The item above is one of Alexis Soyer's Magic Stoves. First patented in 1849, the Magic Stove was the prototypical gas camping stove. Cabinet magazine reveals the history of this revolutionary and beautifully-designed device. From Cabinet:
The small, portable burner was designed to run on pressurized fuel and to have sufficient heating power to cook a meal in a couple of minutes. The Magic Stove's first appearances in the great outdoors reflected the grandiosity of its gentlemanly origins… "Mad" Lieutenant Gale, a daredevil hot-air balloonist, wanted to take the Magic Stove on board, but died too soon in a botched ascent. Explorers took the stove with them on their expeditions. In 1850, the Admiralty ordered some Magic Stoves for Captain Horatio Austin's expedition to the Arctic in search of Sir John Franklin, prefiguring Amundsen's use of the Primus stove on his journey to the North Pole.

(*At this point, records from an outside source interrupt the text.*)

(* Let $\mathcal H$ be an infinite-dimensional complex Hilbert space and let $\mathcal B_f(\mathcal H)$ be the set of bounded forms in $\mathcal V_f(\mathcal H)$. Then $(\mathcal B_f(\mathcal H);\oplus_{|\mathcal B_f(\mathcal H)},o)$ is a sub-generalized effect algebra of the generalized effect algebra $(\mathcal V_f(\mathcal H);\oplus,o)$.
   Context: Bilinear forms $t$ on $\mathcal H$ are sesquilinear maps $D(t)\times D(t)\to\mathbb C$ on a dense linear subspace $D(t)$ (linear in the first argument); $t$ is positive if $t(x,x)\ge0$ on $D(t)$, bounded if $\sup\{t(x,x)\mid x\in D(t),\|x\|=1\}<\infty$. The sum $t+s$ has domain $D(t)\cap D(s)$. $o$ is the zero form on $\mathcal H$. $\mathcal V_f(\mathcal H)$ is the set of positive bilinear forms $t$ with dense domain such that $D(t)=\mathcal H$ whenever $t$ is bounded; $t\oplus s$ is defined iff $t$ or $s$ is bounded or $D(t)=D(s)$, and then $t\oplus s=t+s$; this makes $(\mathcal V_f(\mathcal H);\oplus,o)$ a generalized effect algebra (partial commutative, associative operation with neutral element $0$, cancellation, and $x\oplus y=0\Rightarrow x=y=0$). A subset $Q$ of a generalized effect algebra $E$ is a sub-generalized effect algebra if $0\in Q$ and whenever $x\oplus y=z$ in $E$ with at least two of $x,y,z$ in $Q$, then all of $x,y,z$ lie in $Q$. For $Q\subseteq E$, $x\oplus_{|Q}y$ is defined iff $x\oplus y$ is defined in $E$ and lies in $Q$, and then equals $x\oplus y$. *)

theory Defs
  imports "HOL-Analysis.Analysis"
begin

text \<open>The distribution has no class of complex inner product spaces, so we introduce one:
  a real Banach space carrying a complex scalar multiplication (compatible with the real one)
  and a complex inner product (linear in the first argument) inducing the norm.\<close>

class complex_hilbert = real_normed_vector + complete_space +
  fixes scaleC :: "complex \<Rightarrow> 'a \<Rightarrow> 'a" (infixr \<open>*\<^sub>C\<close> 75)
    and cinner :: "'a \<Rightarrow> 'a \<Rightarrow> complex"
  assumes scaleC_of_real: "scaleC (complex_of_real r) x = scaleR r x"
    and scaleC_add_right: "scaleC c (x + y) = scaleC c x + scaleC c y"
    and scaleC_add_left: "scaleC (c + d) x = scaleC c x + scaleC d x"
    and scaleC_scaleC: "scaleC c (scaleC d x) = scaleC (c * d) x"
    and scaleC_one: "scaleC 1 x = x"
    and cinner_add_left: "cinner (x + y) z = cinner x z + cinner y z"
    and cinner_scaleC_left: "cinner (scaleC c x) y = c * cinner x y"
    and cinner_commute: "cinner y x = cnj (cinner x y)"
    and cinner_norm: "cinner x x = complex_of_real ((norm x)\<^sup>2)"

definition infinite_dimensional :: "'a::complex_hilbert itself \<Rightarrow> bool" where
  "infinite_dimensional _ \<longleftrightarrow>
     \<not> (\<exists>S::'a set. finite S \<and> (\<forall>x. \<exists>c. x = (\<Sum>s\<in>S. c s *\<^sub>C s)))"

text \<open>A form is represented by a pair (domain, values). To make equality of forms coincide
  with equality of pairs, the value function is required to vanish outside domain x domain.\<close>

type_synonym 'a form = "'a set \<times> ('a \<Rightarrow> 'a \<Rightarrow> complex)"

definition cspace :: "'a::complex_hilbert set \<Rightarrow> bool" where
  "cspace D \<longleftrightarrow> 0 \<in> D \<and> (\<forall>x\<in>D. \<forall>y\<in>D. x + y \<in> D) \<and> (\<forall>c. \<forall>x\<in>D. c *\<^sub>C x \<in> D)"

definition is_form :: "'a::complex_hilbert form \<Rightarrow> bool" where
  "is_form f \<longleftrightarrow> (case f of (D, t) \<Rightarrow>
     cspace D \<and> closure D = UNIV \<and>
     (\<forall>x\<in>D. \<forall>y\<in>D. \<forall>z\<in>D. \<forall>a b.
        t (a *\<^sub>C x + b *\<^sub>C y) z = a * t x z + b * t y z \<and>
        t z (a *\<^sub>C x + b *\<^sub>C y) = cnj a * t z x + cnj b * t z y) \<and>
     (\<forall>x y. \<not> (x \<in> D \<and> y \<in> D) \<longrightarrow> t x y = 0))"

definition form_dom :: "'a form \<Rightarrow> 'a set" where "form_dom f = fst f"
definition form_val :: "'a form \<Rightarrow> 'a \<Rightarrow> 'a \<Rightarrow> complex" where "form_val f = snd f"

definition positive_form :: "'a::complex_hilbert form \<Rightarrow> bool" where
  "positive_form f \<longleftrightarrow> (\<forall>x\<in>form_dom f. form_val f x x \<in> \<real> \<and> 0 \<le> Re (form_val f x x))"

definition bounded_form :: "'a::complex_hilbert form \<Rightarrow> bool" where
  "bounded_form f \<longleftrightarrow> (\<exists>C. \<forall>x\<in>form_dom f. norm x = 1 \<longrightarrow> cmod (form_val f x x) \<le> C)"

definition form_plus :: "'a form \<Rightarrow> 'a form \<Rightarrow> 'a form" where
  "form_plus f g = (form_dom f \<inter> form_dom g,
     \<lambda>x y. if x \<in> form_dom f \<inter> form_dom g \<and> y \<in> form_dom f \<inter> form_dom g
           then form_val f x y + form_val g x y else 0)"

definition zero_form :: "'a form" where
  "zero_form = (UNIV, \<lambda>x y. 0)"

definition Vf :: "'a::complex_hilbert form set" where
  "Vf = {t. is_form t \<and> positive_form t \<and> (bounded_form t \<longrightarrow> form_dom t = UNIV)}"

definition Bf :: "'a::complex_hilbert form set" where
  "Bf = {t \<in> Vf. bounded_form t}"

definition Vf_oplus :: "'a::complex_hilbert form \<Rightarrow> 'a form \<Rightarrow> 'a form option" where
  "Vf_oplus t s = (if bounded_form t \<or> bounded_form s \<or> form_dom t = form_dom s
                   then Some (form_plus t s) else None)"

definition sub_gen_effect_algebra ::
  "'e set \<Rightarrow> ('e \<Rightarrow> 'e \<Rightarrow> 'e option) \<Rightarrow> 'e \<Rightarrow> 'e set \<Rightarrow> bool" where
  "sub_gen_effect_algebra E opl z Q \<longleftrightarrow>
     Q \<subseteq> E \<and> z \<in> Q \<and>
     (\<forall>x\<in>E. \<forall>y\<in>E. \<forall>w\<in>E. opl x y = Some w \<longrightarrow>
        ((x \<in> Q \<and> y \<in> Q) \<or> (x \<in> Q \<and> w \<in> Q) \<or> (y \<in> Q \<and> w \<in> Q)) \<longrightarrow>
        x \<in> Q \<and> y \<in> Q \<and> w \<in> Q)"

definition restrict_op :: "('e \<Rightarrow> 'e \<Rightarrow> 'e option) \<Rightarrow> 'e set \<Rightarrow> 'e \<Rightarrow> 'e \<Rightarrow> 'e option" where
  "restrict_op opl Q x y = (case opl x y of Some w \<Rightarrow> if w \<in> Q then Some w else None | None \<Rightarrow> None)"

end

theory Submission
  imports Defs
begin

text \<open>Bounded forms are closed under sums by the triangle inequality for the quadratic forms,
  and also under differences: if \<open>t\<close> and \<open>t + s\<close> are bounded, the latter has full domain, so
  \<open>s = (t + s) - t\<close> on all of \<open>\<H>\<close> and \<open>s\<close> is bounded.\<close>

lemma form_dom_form_plus [simp]: "form_dom (form_plus f g) = form_dom f \<inter> form_dom g"
  by (simp add: form_plus_def form_dom_def)

lemma form_val_form_plus:
  "x \<in> form_dom f \<Longrightarrow> x \<in> form_dom g \<Longrightarrow>
    form_val (form_plus f g) x x = form_val f x x + form_val g x x"
  by (simp add: form_plus_def form_dom_def form_val_def)

lemma form_plus_commute: "form_plus f g = form_plus g f"
  unfolding form_plus_def by (auto simp: add.commute intro!: ext)

lemma bounded_form_plus:
  assumes "bounded_form f" "bounded_form g"
  shows "bounded_form (form_plus f g)"
proof -
  obtain C where C: "\<forall>x\<in>form_dom f. norm x = 1 \<longrightarrow> cmod (form_val f x x) \<le> C"
    using assms(1) unfolding bounded_form_def by blast
  obtain D where D: "\<forall>x\<in>form_dom g. norm x = 1 \<longrightarrow> cmod (form_val g x x) \<le> D"
    using assms(2) unfolding bounded_form_def by blast
  show ?thesis unfolding bounded_form_def
  proof (intro exI[of _ "C + D"] ballI impI)
    fix x assume x: "x \<in> form_dom (form_plus f g)" "norm x = 1"
    then have xf: "x \<in> form_dom f" and xg: "x \<in> form_dom g" by auto
    have "cmod (form_val (form_plus f g) x x) = cmod (form_val f x x + form_val g x x)"
      using xf xg by (simp add: form_val_form_plus)
    also have "\<dots> \<le> cmod (form_val f x x) + cmod (form_val g x x)"
      by (rule norm_triangle_ineq)
    also have "\<dots> \<le> C + D" using C D xf xg x(2) by (meson add_mono)
    finally show "cmod (form_val (form_plus f g) x x) \<le> C + D" .
  qed
qed

lemma bounded_form_plus_cancel:
  assumes "bounded_form f" "bounded_form (form_plus f g)" "form_dom g \<subseteq> form_dom f"
  shows "bounded_form g"
proof -
  obtain C where C: "\<forall>x\<in>form_dom f. norm x = 1 \<longrightarrow> cmod (form_val f x x) \<le> C"
    using assms(1) unfolding bounded_form_def by blast
  obtain D where D: "\<forall>x\<in>form_dom (form_plus f g).
      norm x = 1 \<longrightarrow> cmod (form_val (form_plus f g) x x) \<le> D"
    using assms(2) unfolding bounded_form_def by blast
  show ?thesis unfolding bounded_form_def
  proof (intro exI[of _ "D + C"] ballI impI)
    fix x assume x: "x \<in> form_dom g" "norm x = 1"
    then have xf: "x \<in> form_dom f" and xs: "x \<in> form_dom (form_plus f g)"
      using assms(3) by auto
    have "form_val g x x = form_val (form_plus f g) x x - form_val f x x"
      using xf x by (simp add: form_val_form_plus)
    then have "cmod (form_val g x x) \<le> cmod (form_val (form_plus f g) x x) + cmod (form_val f x x)"
      by (metis norm_triangle_ineq4)
    also have "\<dots> \<le> D + C" using C D xf xs x(2) by (meson add_mono)
    finally show "cmod (form_val g x x) \<le> D + C" .
  qed
qed

lemma zero_form_in_Bf: "zero_form \<in> Bf"
  unfolding Bf_def Vf_def is_form_def positive_form_def bounded_form_def zero_form_def
    cspace_def form_dom_def form_val_def
  by auto

lemma form_dom_Bf: "t \<in> Bf \<Longrightarrow> form_dom t = UNIV"
  by (simp add: Bf_def Vf_def)

lemma Vf_oplus_SomeD: "Vf_oplus t s = Some w \<Longrightarrow> w = form_plus t s"
  by (simp add: Vf_oplus_def split: if_splits)

lemma form_plus_in_Bf:
  "t \<in> Bf \<Longrightarrow> s \<in> Bf \<Longrightarrow> form_plus t s \<in> Vf \<Longrightarrow> form_plus t s \<in> Bf"
  by (simp add: Bf_def bounded_form_plus)

lemma Bf_form_plus_cancel:
  assumes "t \<in> Bf" "form_plus t s \<in> Bf" "s \<in> Vf"
  shows "s \<in> Bf"
proof -
  have "form_dom s \<subseteq> form_dom t" using form_dom_Bf[OF assms(1)] by simp
  with assms show ?thesis
    using bounded_form_plus_cancel[of t s] by (simp add: Bf_def)
qed

theorem theorem4p12:
  assumes "infinite_dimensional TYPE('a::complex_hilbert)"
  shows "sub_gen_effect_algebra (Vf :: 'a form set) Vf_oplus zero_form Bf"
  unfolding sub_gen_effect_algebra_def
proof (intro conjI ballI impI)
  show "Bf \<subseteq> (Vf :: 'a form set)" by (auto simp: Bf_def)
  show "(zero_form :: 'a form) \<in> Bf" by (rule zero_form_in_Bf)
  fix x y w :: "'a form"
  assume "x \<in> Vf" "y \<in> Vf" "w \<in> Vf" and "Vf_oplus x y = Some w"
    and two: "x \<in> Bf \<and> y \<in> Bf \<or> x \<in> Bf \<and> w \<in> Bf \<or> y \<in> Bf \<and> w \<in> Bf"
  have "w = form_plus x y" "w = form_plus y x"
    using Vf_oplus_SomeD[OF \<open>Vf_oplus x y = Some w\<close>] form_plus_commute[of x y] by simp_all
  with two \<open>x \<in> Vf\<close> \<open>y \<in> Vf\<close> \<open>w \<in> Vf\<close>
  have "x \<in> Bf \<and> y \<in> Bf \<and> w \<in> Bf"
    using form_plus_in_Bf Bf_form_plus_cancel by metis
  then show "x \<in> Bf" "y \<in> Bf" "w \<in> Bf" by simp_all
qed

end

Soyer wanted his stove to be a "must-have," an irresistible gadget that would look great "in the parlour of the wealthy, the office of the merchant, the studio of the artist, or the attic of the humble." (Its successor, the better-known Primus developed by the Swedish inventor F. W. Linquist, did not come on the market until the end of the nineteenth century.) Newspapers praised it and found it "so certain in its operations that a gentleman may cook his steak or chop on his study table, or a lady may have it among her crochet or other work." Outdoor use was advocated as well for "the sportsman on the moors, or the angler by the side of the mountain stream." The stove was small enough, it was said, that it could be carried in one's hat.